But the email they sent me said that they are merely conducting a "spot
check", and for another thing - if they actually were responding to a flag,
them "acting immediately" could be "immediately sending me and email and
giving me 24-48 hours to respond" You know?

Like I said, I don't mind verifying my ID (even though I think I did that when
I first signed up). I mind the way they did it. They could have given me
warning first.

------
davismwfl
Glad to hear it sounds like the course is back up. I too feel that while Udemy
has every right and reason to protect authors, but it shouldn't take down your
course without warning or the ability to first prove it is your content within
a short but reasonable time period.

Have you reached out to Udemy and asked why they took it down without first
giving you the chance to prove the content is yours? What did they say?

Reading comments here it seems people are saying, "so what its only 24-48
hours". But when you pay for marketing and have clients paying for the course
your credibility is at stake if that course becomes unavailable. And it is
different in this case then saying the Udemy platform became unavailable for
12 hours because of some technical issue which people would be more forgiving
of. So while you can point to Udemy as the issue here, it isn't fair to you or
really even to their platform. Udemy should be more cautious to their own
platform as this can negatively affect their ability to attract quality
authors for fear their content will be taken down without warning, not to
mention it will affect students who may get a bad taste in their mouth because
they paid for a course on Udemy that then isn't available.
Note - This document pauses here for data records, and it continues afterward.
(* Let $n\geq 2$ be an integer and let $G$ be a tree of order $m\geq 3$. Then $\chi_{ld}(G[\overline{K_{n}}])=2$ if and only if $G$ is a star $K_{1,m-1}$.
   Context: All graphs are finite, simple and undirected. For a graph $G=(V,E)$ of order $N$ without isolated vertices, a bijection $f\colon V\to\{1,2,\dots,N\}$ is a local distance antimagic labeling if $w(u)\neq w(v)$ for every edge $uv$, where $w(u)=\sum_{x\in N(u)}f(x)$ and $N(u)$ is the open neighborhood of $u$. $\chi_{ld}(G)$ is the minimum number of distinct weights over all local distance antimagic labelings of $G$. $\overline{K_n}$ is the edgeless graph on $n$ vertices. The lexicographic product $G[H]$ has vertex set $V(G)\times V(H)$, with $(g,h)$ adjacent to $(g',h')$ iff $gg'\in E(G)$, or $g=g'$ and $hh'\in E(H)$. *)

theory Defs
  imports Main
begin

definition is_graph :: "'a set \<Rightarrow> ('a \<Rightarrow> 'a \<Rightarrow> bool) \<Rightarrow> bool" where
  "is_graph V E \<longleftrightarrow> finite V \<and> (\<forall>u v. E u v \<longrightarrow> u \<in> V \<and> v \<in> V \<and> u \<noteq> v \<and> E v u)"

definition nbhd :: "'a set \<Rightarrow> ('a \<Rightarrow> 'a \<Rightarrow> bool) \<Rightarrow> 'a \<Rightarrow> 'a set" where
  "nbhd V E u = {x \<in> V. E u x}"

definition weight :: "'a set \<Rightarrow> ('a \<Rightarrow> 'a \<Rightarrow> bool) \<Rightarrow> ('a \<Rightarrow> nat) \<Rightarrow> 'a \<Rightarrow> nat" where
  "weight V E f u = (\<Sum>x\<in>nbhd V E u. f x)"

definition local_dist_antimagic :: "'a set \<Rightarrow> ('a \<Rightarrow> 'a \<Rightarrow> bool) \<Rightarrow> ('a \<Rightarrow> nat) \<Rightarrow> bool" where
  "local_dist_antimagic V E f \<longleftrightarrow> bij_betw f V {1..card V} \<and>
     (\<forall>u v. u \<in> V \<and> v \<in> V \<and> E u v \<longrightarrow> weight V E f u \<noteq> weight V E f v)"

definition chi_ld :: "'a set \<Rightarrow> ('a \<Rightarrow> 'a \<Rightarrow> bool) \<Rightarrow> nat" where
  "chi_ld V E = (LEAST k. \<exists>f. local_dist_antimagic V E f \<and> card (weight V E f ` V) = k)"

definition connected_graph :: "'a set \<Rightarrow> ('a \<Rightarrow> 'a \<Rightarrow> bool) \<Rightarrow> bool" where
  "connected_graph V E \<longleftrightarrow> (\<forall>u\<in>V. \<forall>v\<in>V. E\<^sup>*\<^sup>* u v)"

definition acyclic_graph :: "'a set \<Rightarrow> ('a \<Rightarrow> 'a \<Rightarrow> bool) \<Rightarrow> bool" where
  "acyclic_graph V E \<longleftrightarrow> \<not> (\<exists>xs. length xs \<ge> 3 \<and> distinct xs \<and> set xs \<subseteq> V \<and>
      (\<forall>i. i + 1 < length xs \<longrightarrow> E (xs ! i) (xs ! (i + 1))) \<and> E (last xs) (hd xs))"

definition is_tree :: "'a set \<Rightarrow> ('a \<Rightarrow> 'a \<Rightarrow> bool) \<Rightarrow> bool" where
  "is_tree V E \<longleftrightarrow> is_graph V E \<and> V \<noteq> {} \<and> connected_graph V E \<and> acyclic_graph V E"

definition is_star :: "'a set \<Rightarrow> ('a \<Rightarrow> 'a \<Rightarrow> bool) \<Rightarrow> bool" where
  "is_star V E \<longleftrightarrow> (\<exists>c\<in>V. \<forall>u v. E u v \<longleftrightarrow> (u \<in> V \<and> v \<in> V \<and> u \<noteq> v \<and> (u = c \<or> v = c)))"

text \<open>Lexicographic product G[H]: vertex set V(G) x V(H).\<close>
definition lex_edges :: "('a \<Rightarrow> 'a \<Rightarrow> bool) \<Rightarrow> ('b \<Rightarrow> 'b \<Rightarrow> bool) \<Rightarrow> ('a \<times> 'b) \<Rightarrow> ('a \<times> 'b) \<Rightarrow> bool" where
  "lex_edges E F = (\<lambda>(g, h) (g', h'). E g g' \<or> (g = g' \<and> F h h'))"

definition empty_verts :: "nat \<Rightarrow> nat set" where "empty_verts n = {0..<n}"
definition empty_edges :: "nat \<Rightarrow> nat \<Rightarrow> bool" where "empty_edges = (\<lambda>_ _. False)"

end

theory Submission
  imports Defs
begin

(*
  Let E_n be the edgeless graph on n vertices and write S x for the sum of the labels on the
  fibre {x} x E_n. Every vertex (x, i) of G[E_n] has the weight w x = sum of S y over the
  neighbours y of x, independently of i.

  If G is a star with centre c, every weight is w c or S c, and two occur because adjacent
  vertices differ. Conversely, take a leaf a with neighbour b, so w a = S b. With only two
  weights, every neighbour u of b has w u = w a = S b; as labels are positive, u has no
  neighbour other than b, and connectivity makes G a star with centre b.

  Since chi_ld is a LEAST, this direction also needs some local distance antimagic labeling of
  G[E_n] for every tree G (m = |G|). Let H be the smaller colour class of G, p = |H|. Label
  (x, i) by i * m + r i (sigma x) + 1, where the r i are permutations of {0..m-1} whose column
  sums lie in a window of width 2 and reach a threshold in exactly p columns, and sigma maps H
  onto these columns. For an edge xy with x in H, all neighbours of x lie below the threshold
  and all neighbours of y above it: if x has at most as many neighbours as y this gives
  w x < w y, and otherwise the narrow window gives w x > w y.
*)

section \<open>Trees and their bipartition\<close>

definition graph_path :: "'a set \<Rightarrow> ('a \<Rightarrow> 'a \<Rightarrow> bool) \<Rightarrow> 'a list \<Rightarrow> bool" where
  "graph_path V E xs \<longleftrightarrow>
     distinct xs \<and> set xs \<subseteq> V \<and> (\<forall>i. i + 1 < length xs \<longrightarrow> E (xs ! i) (xs ! (i + 1)))"

lemma graph_path_Cons:
  assumes "graph_path V E xs" "xs \<noteq> []" "E w (hd xs)" "w \<in> V" "w \<notin> set xs"
  shows "graph_path V E (w # xs)"
  using assms by (auto simp: graph_path_def nth_Cons hd_conv_nth split: nat.split)

lemma acyclic_path_hd_nbr:
  assumes ac: "acyclic_graph V E" and g: "is_graph V E" and p: "graph_path V E xs"
    and e: "E (hd xs) w" and w: "w \<in> set xs"
  shows "w = xs ! 1"
proof -
  obtain i where i: "i < length xs" "xs ! i = w" using w by (meson in_set_conv_nth)
  have "xs \<noteq> []" using w by auto
  have "hd xs \<noteq> w" using e g by (auto simp: is_graph_def)
  then have "i \<noteq> 0" using i \<open>xs \<noteq> []\<close> by (metis hd_conv_nth)
  moreover have "\<not> 2 \<le> i"
  proof
    assume "2 \<le> i"
    define cs where "cs = take (Suc i) xs"
    have "length cs \<ge> 3" "distinct cs" "set cs \<subseteq> V"
      using \<open>2 \<le> i\<close> i p set_take_subset[of "Suc i" xs]
      by (auto simp: cs_def graph_path_def)
    moreover have "\<forall>j. j + 1 < length cs \<longrightarrow> E (cs ! j) (cs ! (j + 1))"
      using p i by (simp add: cs_def graph_path_def)
    moreover have "E (last cs) (hd cs)"
    proof -
      have "last cs = w" using i by (simp add: cs_def take_Suc_conv_app_nth)
      moreover have "hd cs = hd xs" by (simp add: cs_def)
      ultimately show ?thesis using e g by (simp add: is_graph_def)
    qed
    ultimately show False using ac unfolding acyclic_graph_def by blast
  qed
  ultimately have "i = 1" by simp
  then show ?thesis using i by simp
qed

lemma connected_graph_has_edge:
  assumes "connected_graph V E" "2 \<le> card V"
  obtains u v where "E u v"
proof -
  have "V \<noteq> {}" using assms(2) by auto
  then obtain u where u: "u \<in> V" by blast
  have "card (V - {u}) \<noteq> 0" using assms(2) u by (simp add: card_Diff_singleton_if)
  then have "V - {u} \<noteq> {}" by (metis card.empty)
  then obtain v where "v \<in> V" "v \<noteq> u" by blast
  have "E\<^sup>*\<^sup>* u v" using assms(1) u \<open>v \<in> V\<close> by (simp add: connected_graph_def)
  from this \<open>v \<noteq> u\<close> show thesis by (cases rule: converse_rtranclpE) (auto intro: that)
qed

lemma tree_has_leaf:
  assumes t: "is_tree V E" and V2: "2 \<le> card V"
  obtains a b where "a \<in> V" "E a b" "\<And>w. E a w \<Longrightarrow> w = b"
proof -
  have g: "is_graph V E" and ac: "acyclic_graph V E" and conn: "connected_graph V E"
    using t by (auto simp: is_tree_def)
  have fin: "finite V" using g by (simp add: is_graph_def)
  obtain u v where "E u v" using connected_graph_has_edge[OF conn V2] .
  then have uv: "graph_path V E [u, v]"
    using g by (auto simp: graph_path_def is_graph_def)
  define P where "P xs \<longleftrightarrow> graph_path V E xs \<and> 2 \<le> length xs" for xs
  have "length xs < card V + 1" if "P xs" for xs
  proof -
    have "distinct xs" "set xs \<subseteq> V" using that by (auto simp: P_def graph_path_def)
    then show ?thesis using card_mono[OF fin] distinct_card by (metis less_Suc_eq_le Suc_eq_plus1)
  qed
  moreover have "P [u, v]" using uv by (simp add: P_def)
  ultimately obtain xs where xs: "P xs" and longest: "\<And>ys. P ys \<Longrightarrow> length ys \<le> length xs"
    using ex_has_greatest_nat[of P "[u, v]" length "card V + 1"] by blast
  have p: "graph_path V E xs" and l2: "2 \<le> length xs" using xs by (auto simp: P_def)
  have "E (xs ! 0) (xs ! 1)" using p l2 by (simp add: graph_path_def)
  then have hd_edge: "E (hd xs) (xs ! 1)" using l2 by (metis hd_conv_nth list.size(3) not_numeral_le_zero)
  have "w = xs ! 1" if e: "E (hd xs) w" for w
  proof (cases "w \<in> set xs")
    case True
    then show ?thesis using acyclic_path_hd_nbr[OF ac g p e] by blast
  next
    case False
    have "w \<in> V" using e g by (auto simp: is_graph_def)
    moreover have "xs \<noteq> []" using l2 by auto
    ultimately have "P (w # xs)"
      using graph_path_Cons[OF p _ _ _ False] e g l2 by (simp add: P_def is_graph_def)
    from longest[OF this] show ?thesis by simp
  qed
  moreover have "hd xs \<in> V" using p l2 by (cases xs) (simp_all add: graph_path_def)
  ultimately show thesis using that hd_edge by blast
qed

lemma rtranclp_avoid_leaf:
  assumes leaf: "\<And>w. E a w \<Longrightarrow> w = b" and sym: "\<And>x y. E x y \<Longrightarrow> E y x" and "b \<noteq> a"
    and "E\<^sup>*\<^sup>* u w" and "u \<noteq> a"
  shows "(\<lambda>x y. E x y \<and> x \<noteq> a \<and> y \<noteq> a)\<^sup>*\<^sup>* u (if w = a then b else w)"
  using \<open>E\<^sup>*\<^sup>* u w\<close>
proof (induction rule: rtranclp_induct)
  case base
  then show ?case using \<open>u \<noteq> a\<close> by simp
next
  case (step y z)
  show ?case
  proof (cases "y = a")
    case True
    then show ?thesis using step leaf by fastforce
  next
    case False
    then have "(\<lambda>x y. E x y \<and> x \<noteq> a \<and> y \<noteq> a)\<^sup>*\<^sup>* u y" using step.IH by simp
    moreover have "z = a \<Longrightarrow> y = b" using step.hyps(2) sym leaf by blast
    ultimately show ?thesis using False step.hyps(2) by (cases "z = a") (auto intro: rtranclp.rtrancl_into_rtrancl)
  qed
qed

lemma tree_remove_leaf:
  assumes t: "is_tree V E" and "a \<in> V" and ab: "E a b" and leaf: "\<And>w. E a w \<Longrightarrow> w = b"
  shows "is_tree (V - {a}) (\<lambda>x y. E x y \<and> x \<noteq> a \<and> y \<noteq> a)"
proof -
  have g: "is_graph V E" using t by (simp add: is_tree_def)
  have sym: "\<And>x y. E x y \<Longrightarrow> E y x" using g by (auto simp: is_graph_def)
  have "b \<noteq> a" "b \<in> V" using g ab by (auto simp: is_graph_def)
  have "connected_graph (V - {a}) (\<lambda>x y. E x y \<and> x \<noteq> a \<and> y \<noteq> a)"
    unfolding connected_graph_def
  proof (intro ballI)
    fix u v assume u: "u \<in> V - {a}" and v: "v \<in> V - {a}"
    then have "E\<^sup>*\<^sup>* u v" using t by (auto simp: is_tree_def connected_graph_def)
    then show "(\<lambda>x y. E x y \<and> x \<noteq> a \<and> y \<noteq> a)\<^sup>*\<^sup>* u v"
      using rtranclp_avoid_leaf[of E a b, OF leaf sym \<open>b \<noteq> a\<close> \<open>E\<^sup>*\<^sup>* u v\<close>] u v by simp
  qed
  moreover have "is_graph (V - {a}) (\<lambda>x y. E x y \<and> x \<noteq> a \<and> y \<noteq> a)"
    using g by (auto simp: is_graph_def)
  moreover have "acyclic_graph (V - {a}) (\<lambda>x y. E x y \<and> x \<noteq> a \<and> y \<noteq> a)"
    using t unfolding is_tree_def acyclic_graph_def by blast
  ultimately show ?thesis using \<open>b \<in> V\<close> \<open>b \<noteq> a\<close> by (auto simp: is_tree_def)
qed

definition bipartition_side :: "('a \<Rightarrow> 'a \<Rightarrow> bool) \<Rightarrow> 'a set \<Rightarrow> bool" where
  "bipartition_side E H \<longleftrightarrow> (\<forall>u v. E u v \<longrightarrow> (u \<in> H \<longleftrightarrow> v \<notin> H))"

lemma tree_bipartite:
  assumes "is_tree V E"
  shows "\<exists>H. bipartition_side E H"
  using assms
proof (induction "card V" arbitrary: V E rule: less_induct)
  case less
  have g: "is_graph V E" using less.prems by (simp add: is_tree_def)
  show ?case
  proof (cases "2 \<le> card V")
    case False
    have "\<not> E u v" for u v
    proof
      assume "E u v"
      then have "{u, v} \<subseteq> V" "u \<noteq> v" using g by (auto simp: is_graph_def)
      then have "2 \<le> card V" using g card_mono[of V "{u, v}"] by (simp add: is_graph_def)
      then show False using False by simp
    qed
    then show ?thesis by (auto simp: bipartition_side_def)
  next
    case True
    obtain a b where "a \<in> V" and ab: "E a b" and leaf: "\<And>w. E a w \<Longrightarrow> w = b"
      using tree_has_leaf[OF less.prems True] by blast
    have "card (V - {a}) < card V"
      using g \<open>a \<in> V\<close> card_Diff1_less[of V a] by (simp add: is_graph_def)
    with less.hyps tree_remove_leaf[OF less.prems \<open>a \<in> V\<close> ab leaf]
    obtain H where H: "bipartition_side (\<lambda>x y. E x y \<and> x \<noteq> a \<and> y \<noteq> a) H"
      by blast
    define H' where "H' = (if b \<in> H then H - {a} else insert a H)"
    have "b \<noteq> a" using g ab by (auto simp: is_graph_def)
    then have a_side: "a \<in> H' \<longleftrightarrow> b \<notin> H'" by (auto simp: H'_def)
    have "u \<in> H' \<longleftrightarrow> v \<notin> H'" if "E u v" for u v
    proof (cases "u = a \<or> v = a")
      case True
      then have "u = a \<and> v = b \<or> u = b \<and> v = a"
        using that leaf g by (auto simp: is_graph_def)
      then show ?thesis using a_side by blast
    next
      case False
      then show ?thesis using H that by (auto simp: bipartition_side_def H'_def)
    qed
    then show ?thesis unfolding bipartition_side_def by blast
  qed
qed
One last point, to the few people who said its only 24-48 hours, something you
may not think about/know. Most students if they don't start a course within
the first 24-48 hours of signing up, won't complete it, and many (if not most)
will then request a refund. So you have to be laser focused on getting people
into the process and getting them moving, that is why so much marketing spend
is focused on getting people to work the course once they sign up. We do a lot
of this type of marketing for individuals and training companies, most on
custom platforms but the marketing and process is identical to Udemy et al,
and this is a critical issue.

------
ferdamravenec
Would you believe anyone who asks you to email a copy of your id really knows
how to delete your ID from their systems or would care enough to follow
through?

------
geographomics
Is it this course - [https://www.udemy.com/php-programming-for-affiliate-
marketer...](https://www.udemy.com/php-programming-for-affiliate-marketers/)?
I can access it just fine.

Maybe it was spot checked because affiliate marketing is often so closely
associated with spammers and scammers.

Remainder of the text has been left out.